Items from a data source
══════════════════════════════

(* Write mu = a + i b with b \<noteq> 0 and choose a complex eigenvector x + i y with x \<bullet> y = 0.
   By Perron-Frobenius theory (Brouwer's theorem on the Collatz-Wielandt set) A has a nonnegative
   unit left eigenvector p for an eigenvalue r \<ge> |mu|, and p \<bullet> x = p \<bullet> y = 0 because r is real.
   With u, w the normalised x, y, the rank-one matrices u u^T, u w^T, w u^T, w w^T, p p^T are
   orthonormal for the Frobenius inner product, and g h^T is orthogonal to all of them, where
   g and h are the components of the all-ones vector 1 orthogonal to p and to span {u, w}.
   As 0 \<le> A \<le> 1 entrywise, the squared Frobenius norm of A is at most its entry sum 1^T A 1;
   expanding the latter in these coordinates and applying Bessel's inequality gives the bound
     2 |mu|^2 + r^2 \<le> r c + |mu| d + d^2 / 16 + (n - c) (n - d) / 4
   with c = (p \<bullet> 1)^2 \<ge> r and d = (u \<bullet> 1)^2 + (w \<bullet> 1)^2 \<le> n - c.  Maximising over r, c and d
   leaves 12 |mu|^2 - 3 |mu| n - n^2 \<le> 0, i.e. |mu| \<le> (3 + sqrt 57) n / 24 \<le> n / 2. *)

lemma sq_le_mult_imp_le_add_quarter:
  fixes g x y :: real
  assumes "g\<^sup>2 \<le> x * y" and "0 \<le> x" and "0 \<le> y"
  shows "g \<le> x + y / 4"
proof -
  have "(x + y / 4)\<^sup>2 = x * y + (x - y / 4)\<^sup>2"
    by (simp add: power2_eq_square algebra_simps)
  then have "g\<^sup>2 \<le> (x + y / 4)\<^sup>2"
    using assms(1) zero_le_power2[of "x - y / 4"] by linarith
  moreover have "0 \<le> x + y / 4"
    using assms(2,3) by simp
  ultimately show ?thesis
    by (rule power2_le_imp_le)
qed

lemma mult_le_sum_squares_sq:
  fixes \<alpha> \<beta> D :: real
  shows "\<alpha> * \<beta> * D \<le> (\<alpha>\<^sup>2 + \<beta>\<^sup>2)\<^sup>2 / 16 + D\<^sup>2"
proof -
  define d where "d = \<alpha>\<^sup>2 + \<beta>\<^sup>2"
  have "2 * \<bar>\<alpha> * \<beta>\<bar> \<le> d"
    using zero_le_power2[of "\<bar>\<alpha>\<bar> - \<bar>\<beta>\<bar>"]
    by (simp add: d_def power2_eq_square abs_mult algebra_simps)
  have "\<alpha> * \<beta> * D \<le> \<bar>\<alpha> * \<beta>\<bar> * \<bar>D\<bar>"
    by (metis abs_ge_self abs_mult)
  also have "\<dots> \<le> d / 2 * \<bar>D\<bar>"
    using \<open>2 * \<bar>\<alpha> * \<beta>\<bar> \<le> d\<close> by (intro mult_right_mono) auto
  also have "\<dots> \<le> d\<^sup>2 / 16 + D\<^sup>2"
    using zero_le_power2[of "\<bar>D\<bar> - d / 4"] by (simp add: power2_eq_square algebra_simps)
  finally show ?thesis
    by (simp add: d_def)
qed

lemma frobenius_rhs_le_at_max_d:
  fixes m c d n :: real
  assumes "3 * n / 16 \<le> m" and "0 \<le> c" and "0 \<le> d" and "c + d \<le> n"
  shows "m * d + d\<^sup>2 / 16 + (n - c) * (n - d) / 4 \<le> m * (n - c) + (n - c) * (n + 3 * c) / 16"
proof -
  have "m * (n - c) + (n - c) * (n + 3 * c) / 16 - (m * d + d\<^sup>2 / 16 + (n - c) * (n - d) / 4)
      = (n - c - d) * (m + (n - c + d) / 16 - (n - c) / 4)"
    by (simp add: power2_eq_square field_simps)
  also have "\<dots> \<ge> 0"
    using assms by (intro mult_nonneg_nonneg) (simp_all add: field_simps)
  finally show ?thesis
    by simp
qed

lemma frobenius_inequality_imp_quadratic_bound:
  fixes m r c d n :: real
  assumes "0 \<le> m" and "m \<le> r" and "r \<le> c" and "0 \<le> d" and "c + d \<le> n"
    and ineq: "2 * m\<^sup>2 + r\<^sup>2 \<le> r * c + m * d + d\<^sup>2 / 16 + (n - c) * (n - d) / 4"
  shows "12 * m\<^sup>2 - 3 * m * n - n\<^sup>2 \<le> 0"
proof (cases "3 * m \<le> n")
  case True
  have "m * (12 * m - 3 * n) \<le> m * n"
    using True assms(1) by (intro mult_left_mono) auto
  moreover have "m * n \<le> n * n"
    using True assms(1) by (intro mult_right_mono) auto
  ultimately show ?thesis
    by (simp add: power2_eq_square algebra_simps)
next
  case False
  define slack where "slack = 2 * m\<^sup>2 + r * (r - c) - (m * (n - c) + (n - c) * (n + 3 * c) / 16)"
  have "slack \<le> 0"
    using ineq frobenius_rhs_le_at_max_d[of n m c d] False assms
    by (simp add: slack_def power2_eq_square algebra_simps)
  consider "c \<le> 2 * m" | "2 * m < c"
    by linarith
  then show ?thesis
  proof cases
    case 1
    \<comment> \<open>r (c - r) is largest at r = m, and the remaining bound decreases in c \<ge> m > n / 3\<close>
    define P where "P = (r - m) * (c - r - m)"
    define Q where "Q = (c - m) * (3 * c + 3 * m - 2 * n)"
    have "P \<le> 0"
      unfolding P_def using 1 assms by (intro mult_nonneg_nonpos) auto
    moreover have "Q \<ge> 0"
      unfolding Q_def using False assms by (intro mult_nonneg_nonneg) auto
    moreover have "4 * (12 * m\<^sup>2 - 3 * m * n - n\<^sup>2) = 16 * slack + 16 * P - Q - 3 * (n - m)\<^sup>2"
      by (simp add: slack_def P_def Q_def power2_eq_square field_simps)
    ultimately have "4 * (12 * m\<^sup>2 - 3 * m * n - n\<^sup>2) \<le> 0"
      using \<open>slack \<le> 0\<close> zero_le_power2[of "n - m"] by linarith
    then show ?thesis
      by simp
  next
    case 2
    \<comment> \<open>r (c - r) \<le> c^2 / 4, and the remaining bound decreases in c \<ge> 2 m\<close>
    define Q where "Q = (c - 2 * m) * (14 * m - c - 2 * n)"
    have "Q \<ge> 0"
      unfolding Q_def using 2 False assms by (intro mult_nonneg_nonneg) auto
    moreover have "4 * (12 * m\<^sup>2 - 3 * m * n - n\<^sup>2)
        = 16 * slack - 16 * (c / 2 - r)\<^sup>2 - Q - 12 * (m - n / 3)\<^sup>2 - 5 * n\<^sup>2 / 3"
      by (simp add: slack_def Q_def power2_eq_square field_simps)
    ultimately have "4 * (12 * m\<^sup>2 - 3 * m * n - n\<^sup>2) \<le> 0"
      using \<open>slack \<le> 0\<close> zero_le_power2[of "c / 2 - r"] zero_le_power2[of "m - n / 3"]
        zero_le_power2[of n] by linarith
    then show ?thesis
      by simp
  qed
qed

lemma quadratic_le_zero_imp_le_root:
  fixes x n :: real
  assumes "0 \<le> n" and "12 * x\<^sup>2 - 3 * x * n - n\<^sup>2 \<le> 0"
  shows "x \<le> (3 + sqrt 57) / 24 * n"
proof (rule ccontr)
  assume "\<not> ?thesis"
  then have above: "x - (3 + sqrt 57) / 24 * n > 0"
    by simp
  have "3 \<le> sqrt 57"
    using real_sqrt_le_mono[of "3\<^sup>2" 57] by simp
  then have "(3 + sqrt 57) / 24 * n \<ge> (3 - sqrt 57) / 24 * n"
    using assms(1) by (intro mult_right_mono) auto
  then have "x - (3 - sqrt 57) / 24 * n > 0"
    using above by linarith
  with above have "12 * ((x - (3 + sqrt 57) / 24 * n) * (x - (3 - sqrt 57) / 24 * n)) > 0"
    by simp
  moreover have "12 * ((x - (3 + sqrt 57) / 24 * n) * (x - (3 - sqrt 57) / 24 * n))
      = 12 * x\<^sup>2 - 3 * x * n - n\<^sup>2"
    by (simp add: power2_eq_square field_simps)
  ultimately show False
    using assms(2) by linarith
qed

section \<open>Bessel's inequality\<close>

lemma orthonormal_residual:
  fixes X :: "'a::real_inner" and F :: "'i \<Rightarrow> 'a"
  assumes "finite I"
    and orthonormal: "\<And>i j. i \<in> I \<Longrightarrow> j \<in> I \<Longrightarrow> F i \<bullet> F j = (if i = j then 1 else 0)"
  defines "R \<equiv> X - (\<Sum>i\<in>I. (X \<bullet> F i) *\<^sub>R F i)"
  shows "\<And>j. j \<in> I \<Longrightarrow> R \<bullet> F j = 0"
    and "R \<bullet> R = X \<bullet> X - (\<Sum>i\<in>I. (X \<bullet> F i)\<^sup>2)"
proof -
  show R_F: "R \<bullet> F j = 0" if "j \<in> I" for j
  proof -
    have "(\<Sum>i\<in>I. (X \<bullet> F i) *\<^sub>R F i) \<bullet> F j = (\<Sum>i\<in>I. if i = j then X \<bullet> F i else 0)"
      using orthonormal that by (auto simp: inner_sum_left intro: sum.cong)
    also have "\<dots> = X \<bullet> F j"
      using assms(1) that by simp
    finally show ?thesis
      by (simp add: R_def inner_diff_left)
  qed
  have "R \<bullet> (\<Sum>i\<in>I. (X \<bullet> F i) *\<^sub>R F i) = 0"
    using R_F by (simp add: inner_sum_right)
  then have "R \<bullet> R = R \<bullet> X"
    by (simp add: R_def inner_diff_right)
  also have "\<dots> = X \<bullet> X - (\<Sum>i\<in>I. (X \<bullet> F i) * (F i \<bullet> X))"
    by (simp add: R_def inner_diff_left inner_sum_left)
  also have "\<dots> = X \<bullet> X - (\<Sum>i\<in>I. (X \<bullet> F i)\<^sup>2)"
    by (simp add: power2_eq_square inner_commute)
  finally show "R \<bullet> R = X \<bullet> X - (\<Sum>i\<in>I. (X \<bullet> F i)\<^sup>2)" .
qed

══════════════════════════════

▸ **Aim of the task**:
Only the lines above that hold "where" are wanted. Show every one of them.

▸ **Written answer**:
   orthonormal for the Frobenius inner product, and g h^T is orthogonal to all of them, where
  define d where "d = \<alpha>\<^sup>2 + \<beta>\<^sup>2"
  define slack where "slack = 2 * m\<^sup>2 + r * (r - c) - (m * (n - c) + (n - c) * (n + 3 * c) / 16)"
    define P where "P = (r - m) * (c - r - m)"
    define Q where "Q = (c - m) * (3 * c + 3 * m - 2 * n)"
    define Q where "Q = (c - 2 * m) * (14 * m - c - 2 * n)"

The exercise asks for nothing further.